[Records from a data source]
:::::
lemma closed_path_cycle_edges:
  "p \<noteq> [] \<Longrightarrow> cycle_edges (x # p @ [y]) = insert {y, x} (insert {x, hd p} (insert {last p, y} (path_edges p)))"
  by (auto simp: cycle_edges_conv_path_edges path_edges_append path_edges_Cons)

lemma closed_path_is_cycle:
  "is_path V E (x # p @ [y]) \<Longrightarrow> p \<noteq> [] \<Longrightarrow> E y x \<Longrightarrow> is_cycle V E (x # p @ [y])"
  by (cases p) (auto simp: is_cycle_iff)

lemma in_Gstar_odd_cycle_odd_chord_side:
  assumes "in_Gstar V E" "is_odd_cycle V E (x # A @ y # B)" "E y x"
    and "A \<noteq> []" "B \<noteq> []" "odd (length A)"
  shows False
proof -
  have "is_path V E (x # A @ y # B)" and dist: "distinct (x # A @ y # B)"
    using assms(2) by (auto simp: is_odd_cycle_def is_cycle_iff is_path_iff)
  then have "is_path V E (x # A @ [y])"
    using \<open>A \<noteq> []\<close> by (auto simp: is_path_iff successively_append_iff successively_Cons)
  then have small: "is_odd_cycle V E (x # A @ [y])"
    using closed_path_is_cycle assms(3-6) by (auto simp: is_odd_cycle_def)
  have outside: "x \<notin> set A" "x \<notin> set B" "y \<notin> set A" "y \<notin> set B" "x \<noteq> y" using dist by auto
  then have "x \<notin> e \<or> y \<notin> e" if "e \<in> path_edges A \<union> path_edges B" for e
    using that path_edges_subset by blast
  then have "{y, x} \<notin> cycle_edges (x # A @ y # B)"
    using assms(4,5) outside
    by (auto simp: cycle_edges_conv_path_edges path_edges_append path_edges_Cons doubleton_eq_iff)
  moreover have "{x, hd A} \<in> cycle_edges (x # A @ y # B)" "{last A, y} \<in> cycle_edges (x # A @ y # B)"
    using assms(4) by (auto simp: cycle_edges_conv_path_edges path_edges_append path_edges_Cons)
  moreover have "{x, hd A} \<noteq> {last A, y}"
    using outside assms(4) by (auto simp: doubleton_eq_iff)
  ultimately show False
    using in_Gstar_cycle_edges_eq[OF assms(1) small assms(2), of "{x, hd A}" "{last A, y}"] assms(4)
    by (auto simp: closed_path_cycle_edges)
qed

lemma in_Gstar_odd_cycle_chord:
  assumes "in_Gstar V E" "symp E"
    and "is_odd_cycle V E (x # A @ y # B)" "E x y"
  shows "A = [] \<or> B = []"
proof (rule ccontr)
  assume "\<not> (A = [] \<or> B = [])"
  then have ne: "A \<noteq> []" "B \<noteq> []" by auto
  have "odd (length A) \<or> odd (length B)"
    using assms(3) by (auto simp: is_odd_cycle_def)
  then show False
  proof
    assume "odd (length A)"
    with in_Gstar_odd_cycle_odd_chord_side[OF assms(1,3) sympD[OF assms(2,4)] ne] show False .
  next
    assume "odd (length B)"
    moreover have "is_odd_cycle V E (y # B @ x # A)"
      using assms(3) is_cycle_rotate[of V E "x # A" "y # B"] by (auto simp: is_odd_cycle_def)
    ultimately show False
      using in_Gstar_odd_cycle_odd_chord_side[OF assms(1) _ assms(4) ne(2,1)] by blast
  qed
qed

lemma in_Gstar_odd_cycle_hamiltonian_path:
  assumes "in_Gstar V E" "symp E" "is_odd_cycle V E cs"
    and "x \<in> set cs" "y \<in> set cs" "x \<noteq> y" "E x y"
  obtains Q where "is_path V E Q" "hd Q = x" "last Q = y" "set Q = set cs" "length Q = length cs"
proof -
  obtain p q where cs: "cs = p @ x # q" using assms(4) by (metis split_list)
  then have "y \<in> set (q @ p)" using assms(5,6) by auto
  then obtain A B where AB: "q @ p = A @ y # B" by (metis split_list)
  have "is_cycle V E (x # q @ p)"
    using assms(3) is_cycle_rotate[of V E p "x # q"] by (simp add: cs is_odd_cycle_def)
  then have cyc: "is_cycle V E (x # A @ y # B)" by (simp add: AB)
  have size: "set (x # A @ y # B) = set cs" "length (x # A @ y # B) = length cs"
    using arg_cong[OF AB, of set] arg_cong[OF AB, of length] by (auto simp: cs)
  have "is_odd_cycle V E (x # A @ y # B)"
    using cyc assms(3) size(2) by (simp add: is_odd_cycle_def)
  then have "A = [] \<or> B = []"
    using in_Gstar_odd_cycle_chord[OF assms(1,2) _ assms(7)] by blast
  then show thesis
  proof
    assume "B = []"
    then show thesis using that cyc size by (auto simp: is_cycle_iff)
  next
    assume "A = []"
    then have "is_cycle V E ((y # B) @ [x])"
      using cyc is_cycle_rotate[of V E "[x]" "y # B"] by simp
    then have "is_path V E ((y # B) @ [x])" using is_cycle_iff by blast
    then have "is_path V E (rev ((y # B) @ [x]))" by (rule is_path_rev[OF assms(2)])
    then show thesis using that size \<open>A = []\<close> by auto
  qed
qed

lemma longest_odd_cycle_detour_odd:
  assumes "longest_odd_cycle V E cs" "in_Gstar V E" "symp E"
    and "x \<in> set cs" "y \<in> set cs" "x \<noteq> y" "E x y"
    and "is_path V E p" "set p \<inter> set cs = {}" "E x (hd p)" "E y (last p)"
  shows "odd (length p)"
proof (rule ccontr)
  assume even: "\<not> odd (length p)"
  have cs: "is_odd_cycle V E cs" using assms(1) by (simp add: longest_odd_cycle_def)
  obtain Q where Q: "is_path V E Q" "hd Q = x" "last Q = y" "set Q = set cs" "length Q = length cs"
    using in_Gstar_odd_cycle_hamiltonian_path[OF assms(2,3) cs assms(4-7)] .
  have "is_path V E (Q @ rev p)"
    using Q assms(8,9,11) is_path_rev[OF assms(3,8)]
    by (auto simp: is_path_iff successively_append_iff hd_rev)
  moreover have "E (last (Q @ rev p)) (hd Q)"
    using Q assms(8) sympD[OF assms(3,10)] by (auto simp: last_rev is_path_def)
  moreover have "length Q \<ge> 3" using Q cs by (simp add: is_odd_cycle_def is_cycle_def)
  ultimately have "is_odd_cycle V E (Q @ rev p)"
    using even cs Q(5) Q(1) by (auto simp: is_odd_cycle_def is_cycle_iff is_path_def)
  then have "length (Q @ rev p) \<le> length cs"
    using assms(1) unfolding longest_odd_cycle_def by blast
  then show False using Q(5) assms(8) by (simp add: is_path_def)
qed

locale touching_edge =
  fixes V :: "'a set" and E :: "'a \<Rightarrow> 'a \<Rightarrow> bool" and cs :: "'a list" and x1 x2 :: 'a
  assumes simple: "simple_graph V E"
    and Gstar: "in_Gstar V E"
    and two_conn: "two_connected V E"
    and longest: "longest_odd_cycle V E cs"
    and x1_cs: "x1 \<in> set cs" and x2_cs: "x2 \<in> set cs" and x1_x2: "x1 \<noteq> x2" "E x1 x2"
    and touch_set_eq: "\<forall>v \<in> V - set cs. touch_set V E (set cs) v = {x1, x2}"
begin

lemma symp: "symp E"
  using simple by (auto simp: simple_graph_def symp_def)

lemma swap: "touching_edge V E cs x2 x1"
  using simple Gstar two_conn longest x1_cs x2_cs x1_x2 touch_set_eq
    sympD[OF symp x1_x2(2)]
  unfolding touching_edge_def by (auto simp: insert_commute)

lemma set_cs_subset: "set cs \<subseteq> V"
  using longest by (auto simp: longest_odd_cycle_def is_odd_cycle_def is_cycle_def)

lemma cycle_neighbour:
  assumes "y \<in> V - set cs" "z \<in> set cs" "E y z"
  shows "z = x1 \<or> z = x2"
proof -
  have "touches V E (set cs) y z"
    unfolding touches_def using assms set_cs_subset
    by (intro conjI exI[of _ "[y, z]"]) (auto simp: is_path_def)
  then show ?thesis using assms(1,2) touch_set_eq by (auto simp: touch_set_def)
qed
:::::
# EXERCISE GOAL
The required output is the stretch of entries above from the line containing "add: is_odd_cycle_def is_cycle_def)" through the line containing "sympD[OF symp x1_x2(2)]", reproduced exactly.

# RESPONSE TO THE EXERCISE
  moreover have "length Q \<ge> 3" using Q cs by (simp add: is_odd_cycle_def is_cycle_def)
  ultimately have "is_odd_cycle V E (Q @ rev p)"
    using even cs Q(5) Q(1) by (auto simp: is_odd_cycle_def is_cycle_iff is_path_def)
  then have "length (Q @ rev p) \<le> length cs"
    using assms(1) unfolding longest_odd_cycle_def by blast
  then show False using Q(5) assms(8) by (simp add: is_path_def)
qed

locale touching_edge =
  fixes V :: "'a set" and E :: "'a \<Rightarrow> 'a \<Rightarrow> bool" and cs :: "'a list" and x1 x2 :: 'a
  assumes simple: "simple_graph V E"
    and Gstar: "in_Gstar V E"
    and two_conn: "two_connected V E"
    and longest: "longest_odd_cycle V E cs"
    and x1_cs: "x1 \<in> set cs" and x2_cs: "x2 \<in> set cs" and x1_x2: "x1 \<noteq> x2" "E x1 x2"
    and touch_set_eq: "\<forall>v \<in> V - set cs. touch_set V E (set cs) v = {x1, x2}"
begin

lemma symp: "symp E"
  using simple by (auto simp: simple_graph_def symp_def)

lemma swap: "touching_edge V E cs x2 x1"
  using simple Gstar two_conn longest x1_cs x2_cs x1_x2 touch_set_eq
    sympD[OF symp x1_x2(2)]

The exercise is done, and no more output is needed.